Tate K, Zoellner P, Bode E T
Department of Anesthesiology, St. Luke's Hospital, Kansas City.
Mo Med. 1992 Jan;89(1):27-30.
In summary, total-lung bronchopulmonary lavage was performed five times on two patients under general anesthesia with controlled ventilation using a Robert-Shaw double lumen ETT. One lavage was complicated by a hydrothorax that was treated without untoward sequelae. No significant hypoxemia, circulatory impairment or leakage of lavaged fluid into the opposite lung was noted on any occasion. The average time of all procedures was 108 minutes (range 80-150 minutes), and patients were extubated on all occasions 2 to 5 hours after the treatment. Patients were discharged 24 to 36 hours after the last lavage with improvement, though not resolution, of the alveolar infiltrates radiographically. The ABG analysis revealed minimal improvement in oxygenation in Case No.1 from a preoperative paO2 of 60 mmHg on room air to a paO2 of 74 mmHg on the day of discharge. However, the patient was able to resume his normal activity level. In Case No.2, the patient's resting paO2 did not improve significantly from the preoperative value of 82 mmHg. Subjectively, however, the patient noted marked improvement.
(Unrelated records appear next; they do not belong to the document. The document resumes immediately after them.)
(* Let $\mathcal{C}$ be a concept class over $\{\pm1\}^n$, $\mathcal{D}$ a class of distributions closed under restrictions, and $D^\star$ a distribution that has a depth-$d$, size-$s$ subcube partition $L^\star=(\rho_1,\dots,\rho_s)$ into $\mathcal{D}$ (ordered arbitrarily). Let $A$ be a base learner that learns $\mathcal{C}$ over distributions in $\mathcal{D}$ to expected error $\le\frac{\varepsilon}{\log(1/\varepsilon)}$ with sample complexity $m$. Let \[ m_{\mathrm{train}}\ge s\cdot\frac{\log(1/\varepsilon)}{\varepsilon}\cdot\max(2m,8), \] let $f\in\mathcal{C}$, let $S_{\mathrm{train}}$ consist of $m_{\mathrm{train}}$ i.i.d. examples from $D^\star_f$, and let $\mathcal{H}$ be the random mapping $\rho\mapsto A((S_{\mathrm{train}})_\rho)$ over all restrictions $\rho$ of depth $\le d$ (randomness from $S_{\mathrm{train}}$ and $A$). Then \[ \mathbb{E}_{\mathcal{H}}\left[\mathrm{error}(L^\star\circ\mathcal{H},D^\star_f)\right]\le\frac{2\varepsilon}{\log(1/\varepsilon)}. \]
   Context: A restriction is $\rho\in\{\pm1,\star\}^n$; $x\in\rho$ means $x_i=\rho_i$ or $\rho_i=\star$ for all $i$; depth of $\rho$ = number of non-$\star$ coordinates. $D_\rho$ is $D$ conditioned on $x\in\rho$; for labeled $S$, $S_\rho=\{(x,y)\in S:x\in\rho\}$. $\mathcal{D}$ is closed under restrictions if $D\in\mathcal{D}\Rightarrow D_\rho\in\mathcal{D}$ for all $\rho$. $D_f$ is the distribution of $(x,f(x))$, $x\sim D$; $\mathrm{error}(h,P)=\Pr_{(x,y)\sim P}[h(x)\neq y]$ ($\bot$ counts as an error). $A$ learns $\mathcal{C}$ to expected error $\varepsilon'$ over $D$ with $m$ samples if for every $f\in\mathcal{C}$, given (at least) $m$ i.i.d. samples from $D_f$, its output $h$ has $\mathbb{E}[\mathrm{error}(h,D_f)]\le\varepsilon'$. $D^\star$ has a depth-$d$, size-$s$ subcube partition into $\mathcal{D}$ if there are $s$ pairwise disjoint restrictions $\rho_1,\dots,\rho_s$, each of depth $\le d$, such that every $x$ in the support of $D^\star$ lies in some $\rho_i$ and $(D^\star)_{\rho_i}\in\mathcal{D}$ for all $i$. For an ordered list $L$ of restrictions, $L\circ\mathcal{H}(x)=\mathcal{H}(\rho)(x)$ for the first $\rho\in L$ containing $x$, and $\bot$ if none does. *)

theory Defs
  imports "HOL-Probability.Probability"
begin

text \<open>Points of the cube \{+-1\}^n are boolean lists of length n (True = +1, False = -1).
  A restriction is a list of length n over bool option (None = star).\<close>

type_synonym point = "bool list"
type_synonym restr = "bool option list"
type_synonym hyp = "point \<Rightarrow> bool option"   \<comment> \<open>None = bottom\<close>
type_synonym sample = "(point \<times> bool) list"

definition cube :: "nat \<Rightarrow> point set" where
  "cube n = {x. length x = n}"

definition is_restriction :: "nat \<Rightarrow> restr \<Rightarrow> bool" where
  "is_restriction n \<rho> \<longleftrightarrow> length \<rho> = n"

definition in_restr :: "point \<Rightarrow> restr \<Rightarrow> bool" where
  "in_restr x \<rho> \<longleftrightarrow> length x = length \<rho> \<and>
     (\<forall>i < length \<rho>. \<rho> ! i = None \<or> \<rho> ! i = Some (x ! i))"

definition pts :: "restr \<Rightarrow> point set" where
  "pts \<rho> = {x. in_restr x \<rho>}"

definition depth :: "restr \<Rightarrow> nat" where
  "depth \<rho> = card {i. i < length \<rho> \<and> \<rho> ! i \<noteq> None}"

text \<open>D conditioned on x in rho (only meaningful when the event has positive probability).\<close>
definition restrict_dist :: "point pmf \<Rightarrow> restr \<Rightarrow> point pmf" where
  "restrict_dist D \<rho> = cond_pmf D (pts \<rho>)"

definition restrict_sample :: "sample \<Rightarrow> restr \<Rightarrow> sample" where
  "restrict_sample S \<rho> = filter (\<lambda>(x, y). in_restr x \<rho>) S"

definition closed_under_restrictions :: "nat \<Rightarrow> point pmf set \<Rightarrow> bool" where
  "closed_under_restrictions n \<D> \<longleftrightarrow>
     (\<forall>D \<in> \<D>. \<forall>\<rho>. is_restriction n \<rho> \<and> set_pmf D \<inter> pts \<rho> \<noteq> {} \<longrightarrow>
        restrict_dist D \<rho> \<in> \<D>)"

definition labeled :: "point pmf \<Rightarrow> (point \<Rightarrow> bool) \<Rightarrow> (point \<times> bool) pmf" where
  "labeled D f = map_pmf (\<lambda>x. (x, f x)) D"

definition error :: "hyp \<Rightarrow> (point \<times> bool) pmf \<Rightarrow> real" where
  "error h P = measure_pmf.prob P {(x, y). h x \<noteq> Some y}"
Prior to bronchopulmonary lavage, this patient's SaO2 decreased from 97% to 81% after walking 800 feet. Approximately a week and a half after discharge, the patient reported being able to run without symptoms and generally was feeling well. With careful attention to detail and the coordination of resources from the departments of anesthesia, pulmonary medicine, respiratory therapy and nursing services, bronchopulmonary lavage can be performed safely and efficiently in order to curtail the progressive hypoxemia which often develops in patients with PAP.